Cuento: Amor: El río Almendares, ahora en su edad madura, tiene 12 millones de años

 

Calvert Casey (Cuba)

Todo el furor, la sorda ira contra mí y contra ella, se apagaron mucho antes de que el ómnibus llegara al puente, donde me esperaba, incluso mucho antes de que los primeros edificios de La Habana dejaran ver su monótono perfil brillando bajo ese sol terrible que no nos abandona nunca.

Recuerdo mal en qué momento se produjo el incidente. Ojalá se repitiera. Ojalá se repitiera muchas veces. Vi desaparecer la dureza en los rostros de los pocos que presenciamos la escena, cambiarse el letargo de los largos viajes por una inquietud molesta, una zozobra que los hizo mirar, mudar de posición en sus asientos, sonreír alterados, quizás avergonzados.
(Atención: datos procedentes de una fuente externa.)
(* Let $n\ge2$, let $A\in\mathbb{R}^{n\times n}$ be symmetric with zero diagonal, $\theta\in\mathbb{R}^n$, $\lambda>0$, and $p_1,\dots,p_n\in[0,1)$ with $p_{\max}=\max_ip_i$. Then for every fixed $w\in\mathbb{R}^{2n+1}$, $\mathbb{E}_{X\sim\mathcal{D}_{\mathsf{miss}}}[\underline G(w;X)]=\nabla\widetilde{\underline S}(w)$, and for all $X\in\{-1,0,1\}^n$ and $w\in\Delta(\lambda,2n+1)$, $\|\underline G(w;X)\|_\infty\le\frac{1}{(1-p_{\max})^2}\exp\big(\frac{\lambda}{1-p_{\max}}\big)$.
   Context: Ising model $\mathcal{D}(A,\theta)$ on $\{-1,1\}^n$: $\Pr[Z=z]\propto\exp\big(\sum_{i<j}A_{ij}z_iz_j+\sum_i\theta_iz_i\big)$. Missing-data distribution $\mathcal{D}_{\mathsf{miss}}$: draw $Z\sim\mathcal{D}(A,\theta)$ and independent $C_1,\dots,C_n\in\{0,1\}$ with $\Pr[C_i=1]=1-p_i$; output $X$ with $X_i=C_iZ_i$. $\Delta(W,k)=\{x\in\mathbb{R}^k:x\ge0,\sum_ix_i=W\}$. For $w\in\mathbb{R}^{2n+1}$ put $v_j=w_j-w_{n+j}$ for $j\in[n]$ and $\widetilde{\underline S}(w)=\mathbb{E}_{Z\sim\mathcal{D}(A,\theta)}\big[\exp\big(-\sum_{j=1}^{n-1}v_jZ_nZ_j-v_nZ_n\big)\big]$. Estimator: for $X\in\{-1,0,1\}^n$ and $i\in[n-1]$, $$\underline g^i(w;X)=-\frac{\exp(-v_nX_n)X_n}{1-p_n}\cdot\frac{\exp(-v_iX_nX_i)X_i}{1-p_i}\cdot\prod_{j\in[n-1],j\ne i}\frac{\exp(-v_jX_nX_j)-p_j}{1-p_j},\qquad \underline g^n(w;X)=-\frac{\exp(-v_nX_n)X_n}{1-p_n}\prod_{j\in[n-1]}\frac{\exp(-v_jX_nX_j)-p_j}{1-p_j},$$ and $\underline G(w;X)=\sum_{i=1}^{n}\underline g^i(w;X)(e^i-e^{n+i})\in\mathbb{R}^{2n+1}$, with $e^i$ the standard basis vectors of $\mathbb{R}^{2n+1}$. *)

theory Defs
  imports Complex_Main "HOL-Library.FuncSet"
begin

text \<open>Indices are 1-based as in the paper: spins/coordinates live on {1..n},
  the parameter vector w on {1..2n+1}. Vectors are functions nat => real.\<close>

definition spins :: "nat \<Rightarrow> (nat \<Rightarrow> real) set" where
  "spins n = PiE {1..n} (\<lambda>_. {-1, 1})"

definition masks :: "nat \<Rightarrow> (nat \<Rightarrow> real) set" where
  "masks n = PiE {1..n} (\<lambda>_. {0, 1})"

definition obs_set :: "nat \<Rightarrow> (nat \<Rightarrow> real) set" where
  "obs_set n = PiE {1..n} (\<lambda>_. {-1, 0, 1})"

definition ising_weight :: "nat \<Rightarrow> (nat \<Rightarrow> nat \<Rightarrow> real) \<Rightarrow> (nat \<Rightarrow> real) \<Rightarrow> (nat \<Rightarrow> real) \<Rightarrow> real" where
  "ising_weight n A \<theta> z =
     exp ((\<Sum>i\<in>{1..n}. \<Sum>j\<in>{i<..n}. A i j * z i * z j) + (\<Sum>i\<in>{1..n}. \<theta> i * z i))"

definition ising_expect :: "nat \<Rightarrow> (nat \<Rightarrow> nat \<Rightarrow> real) \<Rightarrow> (nat \<Rightarrow> real) \<Rightarrow> ((nat \<Rightarrow> real) \<Rightarrow> real) \<Rightarrow> real" where
  "ising_expect n A \<theta> f =
     (\<Sum>z\<in>spins n. ising_weight n A \<theta> z * f z) / (\<Sum>z\<in>spins n. ising_weight n A \<theta> z)"

text \<open>Expectation under D_miss: Z ~ D(A,theta), independent C_i with Pr[C_i=1] = 1 - p_i,
  X_i = C_i Z_i.\<close>
definition miss_expect :: "nat \<Rightarrow> (nat \<Rightarrow> nat \<Rightarrow> real) \<Rightarrow> (nat \<Rightarrow> real) \<Rightarrow> (nat \<Rightarrow> real)
      \<Rightarrow> ((nat \<Rightarrow> real) \<Rightarrow> real) \<Rightarrow> real" where
  "miss_expect n A \<theta> p f =
     ising_expect n A \<theta> (\<lambda>z. \<Sum>c\<in>masks n.
        (\<Prod>i\<in>{1..n}. if c i = 1 then 1 - p i else p i) *
        f (\<lambda>i. if i \<in> {1..n} then c i * z i else 0))"

definition vv :: "nat \<Rightarrow> (nat \<Rightarrow> real) \<Rightarrow> nat \<Rightarrow> real" where
  "vv n w j = w j - w (n + j)"

definition S_tilde :: "nat \<Rightarrow> (nat \<Rightarrow> nat \<Rightarrow> real) \<Rightarrow> (nat \<Rightarrow> real) \<Rightarrow> (nat \<Rightarrow> real) \<Rightarrow> real" where
  "S_tilde n A \<theta> w = ising_expect n A \<theta>
     (\<lambda>z. exp (- (\<Sum>j\<in>{1..n-1}. vv n w j * z n * z j) - vv n w n * z n))"

definition g_under :: "nat \<Rightarrow> (nat \<Rightarrow> real) \<Rightarrow> (nat \<Rightarrow> real) \<Rightarrow> (nat \<Rightarrow> real) \<Rightarrow> nat \<Rightarrow> real" where
  "g_under n p w X i =
     (if i = n then
        - (exp (- vv n w n * X n) * X n / (1 - p n)) *
          (\<Prod>j\<in>{1..n-1}. (exp (- vv n w j * X n * X j) - p j) / (1 - p j))
      else
        - (exp (- vv n w n * X n) * X n / (1 - p n)) *
          (exp (- vv n w i * X n * X i) * X i / (1 - p i)) *
          (\<Prod>j\<in>{1..n-1} - {i}. (exp (- vv n w j * X n * X j) - p j) / (1 - p j)))"

definition G_under :: "nat \<Rightarrow> (nat \<Rightarrow> real) \<Rightarrow> (nat \<Rightarrow> real) \<Rightarrow> (nat \<Rightarrow> real) \<Rightarrow> nat \<Rightarrow> real" where
  "G_under n p w X k =
     (\<Sum>i\<in>{1..n}. g_under n p w X i *
        ((if k = i then 1 else 0) - (if k = n + i then 1 else 0)))"

definition linf_norm :: "nat \<Rightarrow> (nat \<Rightarrow> real) \<Rightarrow> real" where
  "linf_norm m x = Max ((\<lambda>k. \<bar>x k\<bar>) ` {1..m})"

definition simplex :: "real \<Rightarrow> nat \<Rightarrow> (nat \<Rightarrow> real) set" where
  "simplex W m = {x. (\<forall>k\<in>{1..m}. x k \<ge> 0) \<and> (\<Sum>k\<in>{1..m}. x k) = W}"

definition has_gradient :: "((nat \<Rightarrow> real) \<Rightarrow> real) \<Rightarrow> (nat \<Rightarrow> real) \<Rightarrow> nat \<Rightarrow> (nat \<Rightarrow> real) \<Rightarrow> bool" where
  "has_gradient f g m w \<longleftrightarrow>
     (\<forall>k\<in>{1..m}. ((\<lambda>t. f (w(k := t))) has_real_derivative g k) (at (w k)))"

end

theory Submission
  imports Defs
begin

text \<open>
  The exponent of S_tilde is linear in w, so every partial derivative of S_tilde is the Ising
  expectation of a spin monomial times the exponential. The estimator g^i is a product of one
  factor per coordinate j, which depends on the mask only through C_j; by independence its mask
  average is the product of the coordinatewise averages, and the debiasing gives
  E[(exp(a C) - p)/(1 - p)] = exp a and E[exp(a C) C x/(1 - p)] = x exp a, which reproduces that
  monomial. For the bound, (exp a - p)/(1 - p) = 1 + q (exp a - 1) with q = 1/(1 - p) \<ge> 1 is
  at most exp(q |a|), only the two leading factors carry an extra 1/(1 - p_max), and
  the sum of the |v_j| is at most the sum of the w_k, which is \<lambda> on the simplex.
\<close>

definition coord_diff :: "nat \<Rightarrow> nat \<Rightarrow> nat \<Rightarrow> real" where
  "coord_diff n i k = (if k = i then 1 else 0) - (if k = n + i then 1 else 0)"

text \<open>The coefficient of v_i in the exponent of S_tilde, see S_tilde_exponent_eq.\<close>
definition spin_coeff :: "nat \<Rightarrow> (nat \<Rightarrow> real) \<Rightarrow> nat \<Rightarrow> real" where
  "spin_coeff n z i = - (z n * (if i = n then 1 else z i))"

lemma vv_fun_upd: "vv n (w(k := t)) i = vv n w i + (t - w k) * coord_diff n i k"
  by (auto simp: vv_def coord_diff_def)

lemma S_tilde_exponent_eq:
  assumes "n \<ge> 1"
  shows "- (\<Sum>j\<in>{1..n-1}. vv n w j * z n * z j) - vv n w n * z n
           = (\<Sum>i\<in>{1..n}. spin_coeff n z i * vv n w i)"
proof -
  have "{1..n} = insert n {1..n-1}" using assms by auto
  then have "(\<Sum>i\<in>{1..n}. spin_coeff n z i * vv n w i)
      = - vv n w n * z n + (\<Sum>j\<in>{1..n-1}. spin_coeff n z j * vv n w j)"
    using assms by (simp add: spin_coeff_def)
  also have "(\<Sum>j\<in>{1..n-1}. spin_coeff n z j * vv n w j) = (\<Sum>j\<in>{1..n-1}. - (vv n w j * z n * z j))"
    by (intro sum.cong) (auto simp: spin_coeff_def)
  finally show ?thesis by (simp add: sum_negf)
qed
Yo iba de pie en la plataforma, oí voces, miré y vi a la anciana besar y acariciar, sacudida por el llanto, la mano de un hombre que le ofrecía un cigarro. No pude saber si el hombre le ofreció el cigarro para calmarla, o si ella le pidió el cigarro y rompió en un llanto convulso y contenido, con grandes suspiros, agarrándole la mano y besándosela. El hombre no sabía hacía dónde mirar, se reía turbado, pero al mismo tiempo se le veía conmovido por lo que pasaba. La anciana sostenía el cigarro y lloraba silenciosa sobre el puño del hombre.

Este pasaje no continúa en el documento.